I’d never seen an example of Grieves’s writing before but I was assuming this was his letter.
I had two thoughts almost simultaneously. One, that he was asking for one ticket. Two, that his partner Dobbs had been hauled from the river with a pair of bullets in his head.
Traveling light. Whatever “it” was, and it likely had to be one of the hand-carried weapons referred to in the articles I’d seen, Grieves had decided to keep t
he money for himself when Nan and Glen bought the material from him.
I smoothed out the letter, folded it small, and then headed back to town.
Chapter 19
It wasn’t as much a town meeting as a prelude to a lynching.
There was a desk in front and maybe twenty chairs for the fifty or so people who had crowded in the small, narrow room that had been sloppily painted lime green and hung with photographs of territorial bigwigs, one of whom looked familiar to me. I sat in one of the two chairs facing the crowd. Sheriff Terhurne sat in the other.
“You been at this job too long.”
“It’s an embarrassment, havin’ a prisoner killed like that.”
“If you were the right kind, you’d hand in your badge, somethin’ like this happening.”
Easy to see that these were the minions of one Sy Compkins Rafferty, the tall, woodsman-like man who stood in the back of the room with his arms folded and a smirk on his carefully mustached face. He was enjoying seeing the opposition wince and stammer and flounder every time he was asked a question.
Much as I didn’t want to, I felt sorry for Terhurne. Nobody in the law enforcement business is without flaw. For all his arrogance, he seemed a reasonably competent sheriff to me.
On a soft spring night like that one, people should have been out for a stroll, not packed into that mean little room watching a man like Terhurne humiliated.

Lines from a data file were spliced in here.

lemma mval_snoc_less_snoc_zero:
  "admissible (w @ [x]) \<Longrightarrow> admissible v \<Longrightarrow> length v = length w \<Longrightarrow> mval p w < mval p v \<Longrightarrow>
     mval p (w @ [x]) < mval p (v @ [0])"
proof (induction w arbitrary: v)
  case (Cons a w)
  obtain b v' where v: "v = b # v'"
    using Cons.prems(3) by (cases v) auto
  have adm: "admissible (w @ [x])" "admissible w" "admissible v'"
    using Cons.prems v by (auto simp: admissible_Cons dest: admissible_butlast)
  consider "a < b" | "b < a" | "a = b"
    by linarith
  then show ?case
  proof cases
    case 1
    then show ?thesis
      using mval_Cons_less_Cons[OF adm(1) 1, of "v' @ [0]"] Cons.prems(3) v by simp
  next
    case 2
    then have "mval p v < mval p (a # w)"
      using mval_Cons_less_Cons[OF adm(3) 2, of w] Cons.prems(3) v by simp
    then show ?thesis
      using Cons.prems(4) by simp
  next
    case 3
    then have "mval p (w @ [x]) < mval p (v' @ [0])"
      using Cons.IH[of v'] Cons.prems(3,4) adm v by (simp add: mval_Cons)
    then show ?thesis
      using 3 Cons.prems(3) v by (simp add: mval_Cons)
  qed
qed simp

lemma mval_snoc_less_mcode_snoc_zero:
  assumes "is_mcode p w k" "is_mcode p v l" "k < l" "admissible (w @ [x])"
  shows "mval p (w @ [x]) < mval p (v @ [0])"
proof (cases "length w < length v")
  case True
  then show ?thesis
    using mval_less_if_length_less[OF assms(4), of "v @ [0]"] assms(2) by (simp add: is_mcode_iff)
next
  case False
  moreover have "\<not> length v < length w"
    using mval_less_if_length_less[of v w] assms(1-3) by (auto simp: is_mcode_iff)
  ultimately show ?thesis
    using mval_snoc_less_snoc_zero[OF assms(4)] assms(1-3) by (simp add: is_mcode_iff)
qed

lemma is_mcode_pos: "is_mcode p w n \<Longrightarrow> 1 \<le> n"
  using metal_le_mval[of w] metal_pos[of "length w - 1"] by (simp add: is_mcode_iff)

text \<open>0 has no code, so mcode p 0 is an unspecified THE-value; both functions are set to 0 there.\<close>

definition mshift :: "nat \<Rightarrow> nat" where
  "mshift n = (if n = 0 then 0 else nat (mval p (mcode p n @ [0])))"

definition mtrunc :: "nat \<Rightarrow> nat" where
  "mtrunc n = (if n = 0 then 0 else nat (mval p (butlast (mcode p n))))"

lemma is_mcode_mshift: "1 \<le> n \<Longrightarrow> is_mcode p (mcode p n @ [0]) (mshift n)"
  using is_mcode_mcode[of n] mval_nonneg[of "mcode p n @ [0]"]
  by (auto simp: is_mcode_iff mshift_def admissible_snoc_zero)

lemma mcode_mshift: "1 \<le> n \<Longrightarrow> mcode p (mshift n) = mcode p n @ [0]"
  by (rule mcode_eqI) (rule is_mcode_mshift)

lemma int_mshift: "1 \<le> n \<Longrightarrow> int (mshift n) = mval p (mcode p n @ [0])"
  using is_mcode_mshift by (simp add: is_mcode_iff)

lemma mshift_0 [simp]: "mshift 0 = 0"
  by (simp add: mshift_def)

lemma mshift_one: "mshift 1 = p - 2"
  using p_ge_5 mcode_one by (simp add: mshift_def mval_Cons)
(* Let $X$ be a finite $T_0$ topological space, $\mathcal V$ a multivector field on $X$ with $X$ invariant, $\mathcal M=\{M_p\mid p\in\mathbb P\}$ a Morse predecomposition of $X$, and $\le$ an admissible preorder on $\mathbb P$. Then for every $\mathbb Q\subset\mathbb P$ the set $M_{\mathbb Q}$ is a saturated isolated invariant set. Moreover, if $\mathbb Q$ is convex with respect to $\le$, then $M_{\mathbb Q}\cap M_r=\emptyset$ for all $r\in\mathbb P\setminus\mathbb Q$.
   Context: Notation: $\operatorname{cl}$ is closure; $A\subset X$ is locally closed if $\operatorname{cl}A\setminus A$ is closed. A multivector field $\mathcal V$ on $X$ is a partition of $X$ into locally closed sets (multivectors); $[x]_{\mathcal V}$ is the multivector containing $x$. A multivector $V$ is critical if $H(\operatorname{cl}V,\operatorname{cl}V\setminus V)$ (relative singular homology) is nontrivial, regular otherwise. $A$ is $\mathcal V$-compatible if it is a union of multivectors; $\langle A\rangle_{\mathcal V}$ is the smallest locally closed $\mathcal V$-compatible set containing $A$. $\Pi_{\mathcal V}(x)=\operatorname{cl}\{x\}\cup[x]_{\mathcal V}$. A solution is a partial map $\gamma:\mathbb Z\nrightarrow X$ with domain an integer interval and $\gamma(t+1)\in\Pi_{\mathcal V}(\gamma(t))$; a path has finite domain; a full solution has domain $\mathbb Z$. $\alpha(\gamma)=\langle\bigcap_{t\le0}\gamma((-\infty,t])\rangle_{\mathcal V}$, $\omega(\gamma)=\langle\bigcap_{t\ge0}\gamma([t,\infty))\rangle_{\mathcal V}$. A full solution is essential unless $\alpha(\gamma)$ or $\omega(\gamma)$ lies in a single regular multivector; an essential solution in $A$ has image in $A$. $\operatorname{Inv}S$ is the set of $x\in S$ with an essential solution $\gamma$ in $S$, $\gamma(0)=x$; $S$ is invariant if $\operatorname{Inv}S=S$. An invariant $S$ is isolated invariant if there is a closed $N\supset\Pi_{\mathcal V}(S)$ such that every path in $N$ with endpoints in $S$ has image in $S$. A link from $S_1$ to $S_2$ is a full solution with $\alpha(\gamma)\cap S_1\ne\emptyset\ne\omega(\gamma)\cap S_2$. A Morse predecomposition of $X$ is an indexed family $\{M_p\mid p\in\mathbb P\}$ of mutually disjoint isolated invariant subsets such that every essential solution in $X$ is a link from some $M_p$ to some $M_q$. A preorder $\le$ on $\mathbb P$ is admissible if a link from $M_p$ to $M_q$ implies $q\le p$; $\mathbb Q$ is convex w.r.t. $\le$ if $p\le r\le q$, $p,q\in\mathbb Q$ imply $r\in\mathbb Q$. An invariant $T\subset X$ is saturated if every essential solution $\gamma$ in $X$ with $\alpha(\gamma)\cup\omega(\gamma)\subset T$ has $\operatorname{im}\gamma\subset T$. $\mathbb P_C=\{p\mid M_p\cap C\ne\emptyset\}$; $\operatorname{eSol}_{\mathbb Q}(X)$ is the set of essential solutions $\gamma$ in $X$ with $\mathbb P_{\alpha(\gamma)}\cap\mathbb Q\ne\emptyset\ne\mathbb P_{\omega(\gamma)}\cap\mathbb Q$; $M_{\mathbb Q}=\bigcup\{\operatorname{im}\gamma\mid\gamma\in\operatorname{eSol}_{\mathbb Q}(X)\}$. *)

theory Defs
  imports "HOL-Analysis.Analysis" "HOL-Homology.Homology"
begin

definition locally_closed_in :: "'a topology \<Rightarrow> 'a set \<Rightarrow> bool" where
  "locally_closed_in X A \<longleftrightarrow> closedin X (X closure_of A - A)"

definition multivector_field :: "'a topology \<Rightarrow> 'a set set \<Rightarrow> bool" where
  "multivector_field X V \<longleftrightarrow>
     (\<forall>A\<in>V. A \<noteq> {} \<and> A \<subseteq> topspace X \<and> locally_closed_in X A) \<and>
     (\<forall>A\<in>V. \<forall>B\<in>V. A \<noteq> B \<longrightarrow> A \<inter> B = {}) \<and>
     \<Union>V = topspace X"

definition mv_of :: "'a set set \<Rightarrow> 'a \<Rightarrow> 'a set" where
  "mv_of V x = (THE A. A \<in> V \<and> x \<in> A)"

definition critical_mv :: "'a topology \<Rightarrow> 'a set \<Rightarrow> bool" where
  "critical_mv X A \<longleftrightarrow>
     (\<exists>p. \<not> trivial_group
             (relative_homology_group p (subtopology X (X closure_of A)) (X closure_of A - A)))"

definition regular_mv :: "'a topology \<Rightarrow> 'a set \<Rightarrow> bool" where
  "regular_mv X A \<longleftrightarrow> \<not> critical_mv X A"

definition compatible :: "'a set set \<Rightarrow> 'a set \<Rightarrow> bool" where
  "compatible V A \<longleftrightarrow> (\<exists>W \<subseteq> V. A = \<Union>W)"

definition lc_hull :: "'a topology \<Rightarrow> 'a set set \<Rightarrow> 'a set \<Rightarrow> 'a set" where
  "lc_hull X V A = \<Inter>{B. A \<subseteq> B \<and> B \<subseteq> topspace X \<and> locally_closed_in X B \<and> compatible V B}"

definition Pi_mv :: "'a topology \<Rightarrow> 'a set set \<Rightarrow> 'a \<Rightarrow> 'a set" where
  "Pi_mv X V x = X closure_of {x} \<union> mv_of V x"

definition Pi_mv_set :: "'a topology \<Rightarrow> 'a set set \<Rightarrow> 'a set \<Rightarrow> 'a set" where
  "Pi_mv_set X V S = (\<Union>x\<in>S. Pi_mv X V x)"

definition is_path :: "'a topology \<Rightarrow> 'a set set \<Rightarrow> (int \<Rightarrow> 'a) \<Rightarrow> int \<Rightarrow> int \<Rightarrow> bool" where
  "is_path X V \<gamma> a b \<longleftrightarrow> a \<le> b \<and> (\<forall>t\<in>{a..b}. \<gamma> t \<in> topspace X) \<and>
     (\<forall>t\<in>{a..<b}. \<gamma> (t + 1) \<in> Pi_mv X V (\<gamma> t))"

definition full_solution :: "'a topology \<Rightarrow> 'a set set \<Rightarrow> (int \<Rightarrow> 'a) \<Rightarrow> bool" where
  "full_solution X V \<gamma> \<longleftrightarrow> (\<forall>t. \<gamma> t \<in> topspace X \<and> \<gamma> (t + 1) \<in> Pi_mv X V (\<gamma> t))"

definition alpha_limit :: "'a topology \<Rightarrow> 'a set set \<Rightarrow> (int \<Rightarrow> 'a) \<Rightarrow> 'a set" where
  "alpha_limit X V \<gamma> = lc_hull X V (\<Inter>t\<in>{..0}. \<gamma> ` {..t})"

definition omega_limit :: "'a topology \<Rightarrow> 'a set set \<Rightarrow> (int \<Rightarrow> 'a) \<Rightarrow> 'a set" where
  "omega_limit X V \<gamma> = lc_hull X V (\<Inter>t\<in>{0..}. \<gamma> ` {t..})"

definition in_single_regular_mv :: "'a topology \<Rightarrow> 'a set set \<Rightarrow> 'a set \<Rightarrow> bool" where
  "in_single_regular_mv X V C \<longleftrightarrow> (\<exists>A\<in>V. regular_mv X A \<and> C \<subseteq> A)"

definition essential :: "'a topology \<Rightarrow> 'a set set \<Rightarrow> (int \<Rightarrow> 'a) \<Rightarrow> bool" where
  "essential X V \<gamma> \<longleftrightarrow> full_solution X V \<gamma> \<and>
     \<not> (in_single_regular_mv X V (alpha_limit X V \<gamma>) \<or>
        in_single_regular_mv X V (omega_limit X V \<gamma>))"

definition Inv :: "'a topology \<Rightarrow> 'a set set \<Rightarrow> 'a set \<Rightarrow> 'a set" where
  "Inv X V S = {x \<in> S. \<exists>\<gamma>. essential X V \<gamma> \<and> range \<gamma> \<subseteq> S \<and> \<gamma> 0 = x}"

definition invariant :: "'a topology \<Rightarrow> 'a set set \<Rightarrow> 'a set \<Rightarrow> bool" where
  "invariant X V S \<longleftrightarrow> Inv X V S = S"

definition isolated_invariant :: "'a topology \<Rightarrow> 'a set set \<Rightarrow> 'a set \<Rightarrow> bool" where
  "isolated_invariant X V S \<longleftrightarrow> invariant X V S \<and>
     (\<exists>N. closedin X N \<and> Pi_mv_set X V S \<subseteq> N \<and>
        (\<forall>\<gamma> a b. is_path X V \<gamma> a b \<and> \<gamma> ` {a..b} \<subseteq> N \<and> \<gamma> a \<in> S \<and> \<gamma> b \<in> S
                    \<longrightarrow> \<gamma> ` {a..b} \<subseteq> S))"

definition is_link :: "'a topology \<Rightarrow> 'a set set \<Rightarrow> (int \<Rightarrow> 'a) \<Rightarrow> 'a set \<Rightarrow> 'a set \<Rightarrow> bool" where
  "is_link X V \<gamma> S1 S2 \<longleftrightarrow> full_solution X V \<gamma> \<and>
     alpha_limit X V \<gamma> \<inter> S1 \<noteq> {} \<and> omega_limit X V \<gamma> \<inter> S2 \<noteq> {}"

definition morse_predecomposition ::
  "'a topology \<Rightarrow> 'a set set \<Rightarrow> 'p set \<Rightarrow> ('p \<Rightarrow> 'a set) \<Rightarrow> bool" where
  "morse_predecomposition X V P M \<longleftrightarrow>
     (\<forall>p\<in>P. \<forall>q\<in>P. p \<noteq> q \<longrightarrow> M p \<inter> M q = {}) \<and>
     (\<forall>p\<in>P. M p \<subseteq> topspace X \<and> isolated_invariant X V (M p)) \<and>
     (\<forall>\<gamma>. essential X V \<gamma> \<and> range \<gamma> \<subseteq> topspace X \<longrightarrow>
        (\<exists>p\<in>P. \<exists>q\<in>P. is_link X V \<gamma> (M p) (M q)))"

Rafferty, I assumed, was hoping that Terhurne would be forced to resign on the spot. Or to say something so arrogant or stupid that Rafferty would win the election.
He’d prepared them well. A full hour went by. Terhurne looked more and more beleaguered until he finally said, somewhat pathetically, “I saved your dog from drowning, Mrs. Whitman, don’t that mean anything?”
“Saved a dog from drowning!” somebody laughed. “He’s a regular good Samaritan.”
An elderly man stood up and said, “I think we owe you an apology for this evening, Sheriff. Rafferty back there put a lot of people up to makin’ fun of you tonight. But I just come because I think maybe it’s time we had ourselves a new sheriff, that’s all. I think you done a real good job, Sheriff Terhurne, but with this young gal getting killed right in the jail and your nephew—Well, four, five years ago you wouldn’t have hired your nephew. You woulda been smarter than that. It’s a matter of judgment. Any time a man hires a relative in a public position like you got—well, that’s just askin’ for trouble.” His arthritic hands came together almost in prayer. “So what I’m proposing here—and I don’t give a hang if Rafferty likes it or not—is that the town council gives you a bonus of $500 and then gives a monthly stipend for your retirement. This town owes you a lot—” He turned then and cast a scolding eye on his fellow townsmen. Even Rafferty looked embarrassed by the trick he’d tried to pull there at that gathering. “And I plan to bring it up tomorrow at the official town council meeting.”